● **WHAT TO WORK ON**: Only reproduce the lines from the line containing "the (mat_inverse (Z\<^sup>T" onward, exactly, through the final line of the data below.

● **PROVIDED DATA**:
(* Suppose Assumptions 1, 2, 3 and 6 hold. Then for every sufficiently large $n$, $$R_n(\mathbf w_n^* )\ \ge\ \tfrac12\,R_n(m_n^* ),$$ and consequently $R_n(m_n^* )\asymp R_n(\mathbf w_n^* )$ (equivalently, $\Delta_n\le \tfrac12 R_n(m_n^* )$ for all large $n$). No restriction on the number $M_n$ of candidate models is needed.
   Context: Setting. For each sample size $n$ one observes $\mathbf y=\boldsymbol\mu+\boldsymbol\varepsilon\in\mathbb R^n$ with $\boldsymbol\mu=\mathbf X\boldsymbol\beta$, where $\mathbf X=(x_{ij})$ is a nonstochastic $n\times p_n$ matrix with $p_n<n$, $\boldsymbol\beta\in\mathbb R^{p_n}$, $E(\boldsymbol\varepsilon)=\mathbf 0$ and $\mathrm{Cov}(\boldsymbol\varepsilon)=\boldsymbol\Omega$ positive definite (all of these may depend on $n$). Fix integers $0=\nu_0<\nu_1<\cdots<\nu_{q_n}=p_n$. For $m=1,\dots,q_n$, $\mathbf X_m$ denotes the $n\times\nu_m$ matrix formed by the first $\nu_m$ columns of $\mathbf X$ (assumed of full column rank), $\mathbf P_m=\mathbf X_m(\mathbf X_m^\top\mathbf X_m)^{-1}\mathbf X_m^\top$, and $\mathbf P_0=\mathbf 0$. The candidate (nested) models are $m\in\{1,\dots,M_n\}$ with $2\le M_n\le q_n$. For a model $m$, $\hat{\boldsymbol\mu}_m=\mathbf P_m\mathbf y$ and $R_n(m)=E\|\hat{\boldsymbol\mu}_m-\boldsymbol\mu\|^2$. For $\mathbf w=(w_1,\dots,w_{M_n})^\top$, $\mathbf P(\mathbf w)=\sum_{m=1}^{M_n}w_m\mathbf P_m$, $\hat{\boldsymbol\mu}(\mathbf w)=\mathbf P(\mathbf w)\mathbf y$ and $R_n(\mathbf w)=E\|\hat{\boldsymbol\mu}(\mathbf w)-\boldsymbol\mu\|^2$. Let $\mathcal W_n=\{\mathbf w\in[0,1]^{M_n}:\sum_{m}w_m=1\}$. Let $m_n^*$ be the minimizer of $R_n(m)$ over $\{1,\dots,M_n\}$, $m_n^{**}$ the minimizer of $R_n(m)$ over $\{1,\dots,q_n\}$, and $\mathbf w_n^*$ the minimizer of $R_n(\mathbf w)$ over $\mathcal W_n$ (all assumed unique). Put $\Delta_n=R_n(m_n^* )-R_n(\mathbf w_n^* )$. Grouped variable importance: for $m=1,\dots,q_n$, $$\theta_{n,m}=\frac{n^{-1}\boldsymbol\mu^\top(\mathbf P_m-\mathbf P_{m-1})\boldsymbol\mu}{\mathrm{tr}\{(\mathbf P_m-\mathbf P_{m-1})\boldsymbol\Omega\}},$$ and $d_n=\max\{m\in\{1,\dots,q_n\}:\theta_{n,m}>0\}$. Assumption 1: $\|\boldsymbol\mu\|^2/n=O(1)$. Assumption 2: there are constants $0<c_1\le c_2<\infty$ with $c_1<\lambda_{\min}(\boldsymbol\Omega)\le\lambda_{\max}(\boldsymbol\Omega)<c_2$ for all $n$. Assumption 3: for each sufficiently large $n$, $\theta_{n,1}\ge\theta_{n,2}\ge\cdots\ge\theta_{n,q_n}$. Assumption 6: for each sufficiently large $n$, $R_n(m)$ is first decreasing and then increasing as $m$ runs from $1$ to $d_n$: there is $m_n'\in\{1,\dots,d_n-1\}$ with $R_n(m)<R_n(m-1)$ for $2\le m\le m_n'$, $R_n(m)\ge R_n(m-1)$ for $m_n'<m\le d_n$, and $R_n(d_n)>R_n(d_n-1)$. Notation: for positive deterministic sequences, $a_n\asymp b_n$ means $a_n/b_n$ and $b_n/a_n$ are both bounded for all large $n$. *)

theory Defs
  imports "HOL-Probability.Probability" "Jordan_Normal_Form.Gauss_Jordan_Elimination"
    "Jordan_Normal_Form.Char_Poly"
begin

definition mtrace :: "real mat \<Rightarrow> real" where
  "mtrace A = (\<Sum>i<dim_row A. A $$ (i, i))"

definition first_cols :: "real mat \<Rightarrow> nat \<Rightarrow> real mat" where
  "first_cols X k = mat (dim_row X) k (\<lambda>(i, j). X $$ (i, j))"

definition full_col_rank :: "real mat \<Rightarrow> bool" where
  "full_col_rank A \<longleftrightarrow> (\<forall>v \<in> carrier_vec (dim_col A). A *\<^sub>v v = 0\<^sub>v (dim_row A) \<longrightarrow> v = 0\<^sub>v (dim_col A))"

definition pos_def :: "real mat \<Rightarrow> bool" where
  "pos_def A \<longleftrightarrow> A \<in> carrier_mat (dim_row A) (dim_row A) \<and> A\<^sup>T = A \<and>
     (\<forall>x \<in> carrier_vec (dim_row A). x \<noteq> 0\<^sub>v (dim_row A) \<longrightarrow> x \<bullet> (A *\<^sub>v x) > 0)"

definition hat :: "real mat \<Rightarrow> real mat" where
  "hat Z = Z * the (mat_inverse (Z\<^sup>T * Z)) * Z\<^sup>T"

definition projm :: "real mat \<Rightarrow> (nat \<Rightarrow> nat) \<Rightarrow> nat \<Rightarrow> real mat" where
  "projm X nu m = (if m = 0 then 0\<^sub>m (dim_row X) (dim_row X) else hat (first_cols X (nu m)))"

definition projw :: "real mat \<Rightarrow> (nat \<Rightarrow> nat) \<Rightarrow> nat \<Rightarrow> (nat \<Rightarrow> real) \<Rightarrow> real mat" where
  "projw X nu M w = mat (dim_row X) (dim_row X) (\<lambda>(i, j). \<Sum>m=1..M. w m * projm X nu m $$ (i, j))"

● **THE COMPLETED TASK**:
  "hat Z = Z * the (mat_inverse (Z\<^sup>T * Z)) * Z\<^sup>T"

definition projm :: "real mat \<Rightarrow> (nat \<Rightarrow> nat) \<Rightarrow> nat \<Rightarrow> real mat" where
  "projm X nu m = (if m = 0 then 0\<^sub>m (dim_row X) (dim_row X) else hat (first_cols X (nu m)))"

definition projw :: "real mat \<Rightarrow> (nat \<Rightarrow> nat) \<Rightarrow> nat \<Rightarrow> (nat \<Rightarrow> real) \<Rightarrow> real mat" where
  "projw X nu M w = mat (dim_row X) (dim_row X) (\<lambda>(i, j). \<Sum>m=1..M. w m * projm X nu m $$ (i, j))"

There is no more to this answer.